И коли уж, с одной стороны, хорошему чекисту требуется великолепная память, то с другой – ему просто необходимо обладать навыком стирания той самой информации. Даже из головы. Ведь от этого зависят в прямом смысле человеческие жизни. И коллег, и всех сопричастных.
Увы, знание – порой такая сила, которая убивает.
Давиду Литвинову после ряда внештатных ситуаций я искренне доверяю, но уверен, так же как и он, стараюсь фильтровать свою речь, чтобы не навредить ненужной информацией.
– Сигару? – предлагает он.
– Нет, спасибо, – качаю головой, наконец-то расслабляясь в кресле.
Свежий, подмосковный воздух разжижает кровь, делает ее горячее.
Виски снова с самого утра страшно выкручивает, а мир опять был безнадежно серым и это… пиздец.
Пиздец, никогда меня не покидающий.
– Не закурил?
– И даже не планирую. – усмехаюсь.
– Здоровье бережешь?
– Нет. Не вижу никакого смысла его беречь…
– Это почему вдруг? – Давид тянется за пепельницей.
С интересом на меня посматривает.
Сибирь будто бы оживила его до блеска в глазах. А может всему виной алкоголь?..
– Почему офицер советской разведки не собирается следить за своим здоровьем? – иронизирует.
– Здесь все просто. Потому что моя жизнь – служба, а служба – моя жизнь. Если эти нитки оборвутся, то вместе. Неразрывная конструкция. Думаю, вряд ли я умру от рака легких, скорее всего, это будет вражеская пуля или минное поле. В худшем случае, плен. Но ты наши инструкции знаешь…
– Не в первый раз от тебя это слышу. Мне жаль, Ренат, – становится задумчивым.
– Не выношу запаха табака, но тебя уважаю, Давид. Поэтому терплю, но ворчу, как старая, сварливая жена! – отшучиваюсь и тяну руку другу.
Литвинов отвечает на рукопожатие и, откинувшись на спинку кресла, молча курит.
Я, почесывая подбородок, пялюсь прямо перед собой. Постройки на участке расположены так, что с высокой террасы предоставляется отличный вид на беседку, где резвится молодежь.
Как на ладони.
Полуголая Литвинова в безвкусном, легкомысленном костюмчике танцует с четвертым кавалером.

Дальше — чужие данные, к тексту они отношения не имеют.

text \<open>The left-hand side is \<open>V'\<close> along the closed loop, with \<open>p, q\<close> the values of
  \<open>\<phi>\<^sub>1, \<phi>\<^sub>2\<close>, \<open>P, Q\<close> those of their derivatives and \<open>s\<close> that of the saturation.\<close>
lemma cross_term_estimate:
  fixes p q s P Q Qm QM PM \<mu> eps bt dl :: real
  assumes sign: "0 \<le> s * (p + (1 + eps) * q)" "dl * s\<^sup>2 \<le> s * (p + (1 + eps) * q)"
    and Q: "0 \<le> Qm" "Qm \<le> Q" "Q \<le> QM" and P: "0 \<le> P" "P \<le> PM"
    and par: "0 < eps" "0 < dl" "0 \<le> bt" "0 \<le> \<mu>"
    and small: "\<mu> * QM \<le> 1 / 2" "\<mu> * ((1 + eps) * PM) \<le> eps * (1 + eps) / 6"
      "\<mu> * (eps\<^sup>2 * QM / 2) \<le> eps * (1 + eps) / 6" "\<mu> \<le> 1"
      "\<mu> * (bt * (PM + (1 + eps) * QM)\<^sup>2 / dl) \<le> eps * (1 + eps) / 6"
  shows "p * (- (1 + eps) * q - bt * s) + (1 + eps) * q * (p - eps * q - bt * s)
         - \<mu> * (P * (- (1 + eps) * q - bt * s) * q + p * Q * (p - eps * q - bt * s))
      \<le> - (\<mu> * Qm / 2) * p\<^sup>2 - eps * (1 + eps) / 2 * q\<^sup>2"
proof -
  define \<phi> C X Z where "\<phi> = p + (1 + eps) * q" and "C = PM + (1 + eps) * QM"
    and "X = bt * (s * \<phi>)" and "Z = eps * (1 + eps) * q\<^sup>2"
  have expand: "p * (- (1 + eps) * q - bt * s) + (1 + eps) * q * (p - eps * q - bt * s)
         - \<mu> * (P * (- (1 + eps) * q - bt * s) * q + p * Q * (p - eps * q - bt * s))
     = - X * (1 - \<mu> * Q) - Z + \<mu> * (1 + eps) * P * q\<^sup>2
       - \<mu> * Q * p\<^sup>2 + \<mu> * eps * Q * p * q + bt * (\<mu> * ((P - (1 + eps) * Q) * q * s))"
    unfolding \<phi>_def X_def Z_def by (simp add: algebra_simps power2_eq_square)
  have target: "- (\<mu> * Qm / 2) * p\<^sup>2 - eps * (1 + eps) / 2 * q\<^sup>2 = - (\<mu> * Qm * p\<^sup>2) / 2 - Z / 2"
    unfolding Z_def by simp
  have X: "0 \<le> X" using par sign unfolding \<phi>_def X_def by simp
  have "1 / 2 \<le> 1 - \<mu> * Q" using mult_left_mono[OF Q(3) par(4)] small(1) by linarith
  from mult_left_mono[OF this X] have h1: "- X * (1 - \<mu> * Q) \<le> - X / 2" by simp
  have "0 \<le> (\<mu> * Q) * (p - eps * q)\<^sup>2" using par Q by simp
  then have h2: "\<mu> * eps * Q * p * q \<le> \<mu> * Q * p\<^sup>2 / 2 + \<mu> * (eps\<^sup>2 * Q / 2) * q\<^sup>2"
    by (simp add: algebra_simps power2_eq_square)
  have "(1 + eps) * Q \<le> (1 + eps) * QM" "0 \<le> (1 + eps) * Q" using Q par by (auto intro: mult_left_mono)
  then have "\<bar>P - (1 + eps) * Q\<bar> \<le> C" using P unfolding C_def by (simp add: abs_le_iff)
  from mult_left_mono[OF young_cross_term[OF par(2) sign(2)[folded \<phi>_def] this par(4), of q] par(3)]
  have h3: "bt * (\<mu> * ((P - (1 + eps) * Q) * q * s)) \<le> X / 4 + bt * (\<mu>\<^sup>2 * C\<^sup>2 * q\<^sup>2 / dl)"
    unfolding X_def by (simp add: distrib_left)
  have "\<mu> * ((1 + eps) * P) \<le> \<mu> * ((1 + eps) * PM)" using P par by (intro mult_left_mono) auto
  with small(2) have "\<mu> * (1 + eps) * P \<le> eps * (1 + eps) / 6" by (simp add: mult.assoc)
  from mult_right_mono[OF this, of "q\<^sup>2"]
  have h4: "\<mu> * (1 + eps) * P * q\<^sup>2 \<le> Z / 6" unfolding Z_def by simp
  have "\<mu> * (eps\<^sup>2 * Q / 2) \<le> \<mu> * (eps\<^sup>2 * QM / 2)" using Q par by (intro divide_right_mono mult_left_mono) auto
  with small(3) have "\<mu> * (eps\<^sup>2 * Q / 2) \<le> eps * (1 + eps) / 6" by linarith
  from mult_right_mono[OF this, of "q\<^sup>2"]
  have h5: "\<mu> * (eps\<^sup>2 * Q / 2) * q\<^sup>2 \<le> Z / 6" unfolding Z_def by simp
  have "\<mu>\<^sup>2 \<le> \<mu>" using par small(4) by (simp add: power2_eq_square mult_left_le_one_le)
  then have "bt * \<mu>\<^sup>2 * C\<^sup>2 / dl \<le> bt * \<mu> * C\<^sup>2 / dl"
    using par by (intro divide_right_mono mult_right_mono mult_left_mono) auto
  moreover have "bt * \<mu> * C\<^sup>2 / dl = \<mu> * (bt * (PM + (1 + eps) * QM)\<^sup>2 / dl)" unfolding C_def by simp
  ultimately have "bt * \<mu>\<^sup>2 * C\<^sup>2 / dl \<le> eps * (1 + eps) / 6" using small(5) by linarith
  from mult_right_mono[OF this, of "q\<^sup>2"]
  have h6: "bt * (\<mu>\<^sup>2 * C\<^sup>2 * q\<^sup>2 / dl) \<le> Z / 6" unfolding Z_def by (simp add: mult.assoc)
  have h7: "\<mu> * Qm * p\<^sup>2 \<le> \<mu> * Q * p\<^sup>2"
    using Q par by (intro mult_right_mono mult_left_mono) auto
  show ?thesis unfolding expand target using h1 h2 h3 h4 h5 h6 h7 X by linarith
qed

Судя по тому, как тесно к нему прижимается, девчонка уже нетрезва.
– Весело у них.
– Пусть отдыхают. Я всех проверил. Все чистые.
– И поляков пробил?
– А ты в курсе про поляков? – искренне удивляется.
Я отстраненно киваю.
– Был повод познакомиться.
– Это обычные студенты. Я проверил.
– Вот и отлично.
Откашливаюсь, потому что если родного отца все устраивает, то это совершенно не мое дело.
– А что с «Магнолией»?.. – вдруг вспоминает. – Ты собрал команду?
– Можно сказать и так.
– Кого ангажировал Василий Георгиевич?..
– Следственный комитет выделил две боевые единицы, – без особого энтузиазма сообщаю. – Правда, один патрон холостой и бесполезный. Майор Майя Синицына…
Взгляд Давида становится цепким. Приблизившись, тараторит:
– Будь осторожен, Ренат. Старый хрыч не очень чистоплотен, и его сотрудники могут представлять его личные интересы. Особенно баба…
– Странно. А он тебе привет передавал, – усмехаюсь.
– Пошел он на хуй, – ни с того, ни с сего злится Литвинов, снова закуривая. – Мне его привет, что в Сибири кабриолет.
– Ай-ай-ай. Значит, не любишь генерал-майора?..
– Я в своей жизни, Ренат, люблю только Родину и дочь. Вторую люблю осторожно, вполголоса, чтобы не испортить. Молодежь сейчас такая пошла, один бред на уме. Наркота, бабки и полное отсутствие каких-либо классовых ориентиров. Для них «Родина» – это хоккейный клуб в молодежке.